In some cases it is useful to have handlers that are triggered just
once in the tutorial. This can be done with the one_time()
function. Inside of the handler, call one_time()
, and pass
it the session
object, cond
, a condition
expression, and expr
, the code expression to run.
The first time cond
is true, expr
will be
evaluated; after that, expr
will not be evaluated again. In
the example here, cond
is true when time the section with
ID "section-exercise-with-hint"
is viewed, and so the first
time that section is visible, it will print out a message.

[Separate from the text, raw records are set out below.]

(* Let $k,n$ be integers with $3\le k\le n/2$. Then coefficient-wise $i(U_{2,n},t)\le i(U_{k,n},t)$, i.e. for every $m\ge0$ the coefficient of $t^m$ in $i(U_{2,n},t)$ is at most the coefficient of $t^m$ in $i(U_{k,n},t)$.
   Context: $U_{k,n}$ denotes the uniform matroid of rank $k$ on $[n]$ (all $k$-subsets are bases), and $i(U_{k,n},t)$ is the Ehrhart polynomial of its matroid polytope $\mathrm{conv}\{\sum_{b\in B}e_b: B\subseteq[n],|B|=k\}$ (the hypersimplex), i.e. the polynomial counting lattice points in its $t$-th dilate. *)

theory Defs
  imports "HOL-Analysis.Analysis" "HOL-Computational_Algebra.Polynomial"
begin

text \<open>The ground set [n] is modelled by a finite type 'n with CARD('n) = n;
  points of R^n are elements of real^'n.\<close>

definition uniform_matroid_polytope :: "nat \<Rightarrow> (real^'n) set" where
  "uniform_matroid_polytope k =
     convex hull {(\<chi> i. if i \<in> B then 1 else 0) | B :: 'n set. card B = k}"

definition lattice_count :: "(real^'n) set \<Rightarrow> nat \<Rightarrow> nat" where
  "lattice_count P t = card {x. (\<forall>i. x $ i \<in> \<int>) \<and> x \<in> (\<lambda>y. real t *\<^sub>R y) ` P}"

definition ehrhart_poly :: "(real^'n) set \<Rightarrow> real poly" where
  "ehrhart_poly P = (THE p. \<forall>t::nat. poly p (real t) = real (lattice_count P t))"

end

theory Submission
  imports Defs "HOL-Computational_Algebra.Polynomial_FPS"
begin

text \<open>The lattice points of the \<open>t\<close>-th dilate of the hypersimplex \<open>\<Delta>(k, n)\<close> are the integer
  vectors in \<open>[0, t]^n\<close> with coordinate sum \<open>k t\<close> (each of them is a sum of \<open>t\<close> vertices), so
  inclusion-exclusion gives
  \<open>i(U_{k,n}, t) = 1/(n-1)! \<Sum>_{j<k} (-1)^j C(n, j) ((k - j) t - j + 1)^(n-1)\<close>
  with a rising factorial. Expanding in \<open>t\<close> and using the generating function of the Eulerian
  polynomials \<open>A_m\<close>, the coefficient of \<open>t^m\<close> is \<open>1/(n-1)!\<close> times the coefficient of \<open>x^(k-1)\<close> in
  \<open>R_{n,m+1}(x) A_m(x)\<close>, where \<open>R_{n,j}\<close> refines the Stirling numbers of the first kind. Both factors
  are palindromic with nonnegative coefficients among which the constant and the linear one are
  the smallest, and this property survives multiplication. As the product has degree
  \<open>n - 2 > k - 1\<close>, its coefficient of \<open>x\<close>, which belongs to \<open>k = 2\<close>, is at most that of \<open>x^(k-1)\<close>.\<close>

section \<open>Palindromic polynomials with minimal outer coefficients\<close>

definition palindromic_min :: "real poly \<Rightarrow> nat \<Rightarrow> bool" where
  "palindromic_min p d \<longleftrightarrow> (\<forall>i>d. coeff p i = 0) \<and> (\<forall>i\<le>d. coeff p (d - i) = coeff p i)
     \<and> (\<forall>i. 0 \<le> coeff p i) \<and> (\<forall>i\<le>d. coeff p 0 \<le> coeff p i)
     \<and> (\<forall>i. 1 \<le> i \<and> i < d \<longrightarrow> coeff p 1 \<le> coeff p i)"

lemma palindromic_min_0: "palindromic_min 0 d"
  by (simp add: palindromic_min_def)

lemma palindromic_min_1: "palindromic_min 1 0"
  by (simp add: palindromic_min_def coeff_1)

lemma palindromic_min_add: "palindromic_min p d \<Longrightarrow> palindromic_min q d \<Longrightarrow> palindromic_min (p + q) d"
  unfolding palindromic_min_def by (auto intro: add_mono add_nonneg_nonneg)

lemma palindromic_min_smult: "palindromic_min p d \<Longrightarrow> 0 \<le> c \<Longrightarrow> palindromic_min (smult c p) d"
  unfolding palindromic_min_def by (auto intro: mult_left_mono)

```{r context="server-start"}
event_register_handler("section_viewed",
function(session, event, data) {
one_time(
session,
cond = data$sectionId == "section-exercise-with-hint",
expr = { message("Seeing ", data$sectionId, " for the first time.") }
)
}
)
```
Technical note: The reason that one_time()
has an
unusual interface is because it needs to be able to store data that
persists across runs of the tutorial. The code will run one time, even
if the user stops the document and starts it again; it resets when the
user clicks on “Start Over”.
The section IDs are generated automatically from the section title. For example, if this is the section heading:
### This is a section
Then the ID will be section-this-is-a-section
. If you
want to use a different ID, you can supply it in curly braces, and it
will be prepended with section-
. This will set the ID to
section-myid
:
### This is a section {#myid}
You can even have sections that don’t have a title, but do have an ID:
### {#myid}
Tutorial Identifiers
The Tutorial Storage and Recording Events sections above describe various ways to record user progress and actions within tutorials. Storage of tutorial state requires unique identifiers for tutorials (and their versions) as well as users.

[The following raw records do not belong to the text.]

lemma det_unit_column:
  fixes X :: "'a::comm_ring_1 mat"
  assumes X: "X \<in> carrier_mat n n" and v: "v < n"
    and zero: "\<And>i. i < n \<Longrightarrow> i \<noteq> v \<Longrightarrow> X $$ (i,v) = 0"
  shows "det X = X $$ (v,v) * det (mat_delete X v v)"
proof -
  have "det X = (\<Sum>i<n. X $$ (i,v) * cofactor X i v)" by (rule laplace_expansion_column[OF X v])
  also have "\<dots> = X $$ (v,v) * cofactor X v v"
    using v zero by (subst sum.remove[of _ v]) (auto intro!: sum.neutral)
  finally show ?thesis unfolding cofactor_def by (simp add: minus_one_power_iff)
qed

lemma det_update_diagonal_entry:
  fixes X Y :: "'a::comm_ring_1 mat"
  assumes X: "X \<in> carrier_mat n n" and Y: "Y \<in> carrier_mat n n" and v: "v < n"
    and eq: "\<And>i j. i < n \<Longrightarrow> j < n \<Longrightarrow> (i,j) \<noteq> (v,v) \<Longrightarrow> X $$ (i,j) = Y $$ (i,j)"
  shows "det X = det Y + (X $$ (v,v) - Y $$ (v,v)) * det (mat_delete X v v)"
proof -
  have cof: "cofactor X i v = cofactor Y i v" if "i < n" for i
  proof -
    have "mat_delete X i v = mat_delete Y i v"
      unfolding mat_delete_def using X Y that v eq by (intro eq_matI) auto
    thus ?thesis unfolding cofactor_def by simp
  qed
  have "det X = (\<Sum>i<n. X $$ (i,v) * cofactor X i v)" by (rule laplace_expansion_column[OF X v])
  also have "\<dots> = (\<Sum>i<n. Y $$ (i,v) * cofactor Y i v)
      + (\<Sum>i<n. (X $$ (i,v) - Y $$ (i,v)) * cofactor X i v)"
    by (simp add: cof sum.distrib[symmetric] algebra_simps)
  also have "(\<Sum>i<n. Y $$ (i,v) * cofactor Y i v) = det Y"
    by (rule laplace_expansion_column[OF Y v, symmetric])
  also have "(\<Sum>i<n. (X $$ (i,v) - Y $$ (i,v)) * cofactor X i v)
      = (X $$ (v,v) - Y $$ (v,v)) * cofactor X v v"
    using v eq by (subst sum.remove[of _ v]) (auto intro!: sum.neutral)
  finally show ?thesis unfolding cofactor_def by (simp add: minus_one_power_iff)
qed

definition border_mat :: "nat \<Rightarrow> 'a \<Rightarrow> 'a \<Rightarrow> 'a mat \<Rightarrow> 'a mat" where
  "border_mat v b c K = mat (dim_row K) (dim_col K)
     (\<lambda>(i,j). if i = v \<and> j = v then c else if i = v \<or> j = v then b else K $$ (i,j))"

lemma border_mat_carrier [simp]: "K \<in> carrier_mat n m \<Longrightarrow> border_mat v b c K \<in> carrier_mat n m"
  unfolding border_mat_def by simp

lemma mat_delete_border_mat [simp]: "mat_delete (border_mat v b c K) v v = mat_delete K v v"
  unfolding border_mat_def mat_delete_def by (rule eq_matI) auto

lemma index_border_mat:
  "i < dim_row K \<Longrightarrow> j < dim_col K \<Longrightarrow> border_mat v b c K $$ (i,j)
    = (if i = v \<and> j = v then c else if i = v \<or> j = v then b else K $$ (i,j))"
  unfolding border_mat_def by simp

lemma det_border_mat_corner:
  fixes K :: "'a::comm_ring_1 mat"
  assumes K: "K \<in> carrier_mat n n" and v: "v < n"
  shows "det (border_mat v b c K) = det (border_mat v b 0 K) + c * det (mat_delete K v v)"
proof -
  have "det (border_mat v b c K) = det (border_mat v b 0 K)
      + (border_mat v b c K $$ (v,v) - border_mat v b 0 K $$ (v,v))
        * det (mat_delete (border_mat v b c K) v v)"
    by (rule det_update_diagonal_entry[of _ n]) (use K v in \<open>auto simp: index_border_mat\<close>)
  thus ?thesis using K v by (simp add: index_border_mat)
qed

lemma det_border_mat_scale:
  fixes K :: "'a::comm_ring_1 mat"
  assumes K: "K \<in> carrier_mat n n" and v: "v < n"
  shows "det (border_mat v (a * b) (a^2 * c) K) = a^2 * det (border_mat v b c K)"
proof -
  let ?B = "border_mat v b c K"
  have B: "?B \<in> carrier_mat n n" using K by simp
  have "border_mat v (a * b) (a^2 * c) K = multrow v a (transpose_mat (multrow v a (transpose_mat ?B)))"
    using K by (intro eq_matI) (auto simp: border_mat_def power2_eq_square)
  hence "det (border_mat v (a * b) (a^2 * c) K) = a * det (multrow v a (transpose_mat ?B))"
    using B v by (simp add: det_multrow det_transpose)
  also have "\<dots> = a^2 * det ?B"
    using B v by (simp add: det_multrow det_transpose power2_eq_square)
  finally show ?thesis .
qed

definition all_ones_mat :: "nat \<Rightarrow> 'a::one mat" where
  "all_ones_mat n = mat n n (\<lambda>_. 1)"

definition sum_rows_mat :: "nat \<Rightarrow> nat \<Rightarrow> 'a::zero_neq_one mat" where
  "sum_rows_mat n v = mat n n (\<lambda>(i,j). if i = v \<or> i = j then 1 else 0)"

lemma sum_rows_mat_dim [simp]:
  "dim_row (sum_rows_mat n v) = n" "dim_col (sum_rows_mat n v) = n"
  unfolding sum_rows_mat_def by simp_all

lemma sum_rows_mat_carrier [simp]: "sum_rows_mat n v \<in> carrier_mat n n"
  unfolding sum_rows_mat_def by simp

lemma index_sum_rows_mat [simp]:
  "i < n \<Longrightarrow> j < n \<Longrightarrow> sum_rows_mat n v $$ (i,j) = (if i = v \<or> i = j then 1 else 0)"
  unfolding sum_rows_mat_def by simp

Tutorial hosting services will often need to customize these identifiers based on their own notions of tutorial provisioning and user identify. This section describes how to do this.
Default Identifiers
The default tutorial and user identifiers are determined as follows:
ID | Default |
---|---|
tutorial_id | Network origin and path of tutorial. |
tutorial_version | 1.0 |
user_id | Account name of server user executing the tutorial |
In addition, tutorial authors can use YAML metadata to provide custom tutorial IDs and versions. For example:
---
title: "Hello, Tutorial!"
tutorial:
id: "com.example.tutorials.my-first-tutorial"
version: 2.1
output: learnr::tutorial
runtime: shiny_prerendered
---
Custom Identifiers
Tutorial hosting services will very often need to provide custom
external definitions for tutorial IDs/versions and user IDs. This can be
accomplished by adding HTTP headers to the requests that route to the
tutorial. The names of the headers are configurable, and should be
specified using the tutorial.http_header_tutorial_id
,
tutorial.http_header_tutorial_version
and
tutorial.http_header_user_id
global options. For
example:
options(
tutorial.http_header_tutorial_id = "X-Tutorial-ID",
tutorial.http_header_tutorial_version = "X-Tutorial-Version",
tutorial.http_header_user_id = "X-Tutorial-UserID"
})
Once configuring these custom header names you’d then need to ensure that the HTTP proxy layer mediating traffic to tutorials set them to the appropriate values.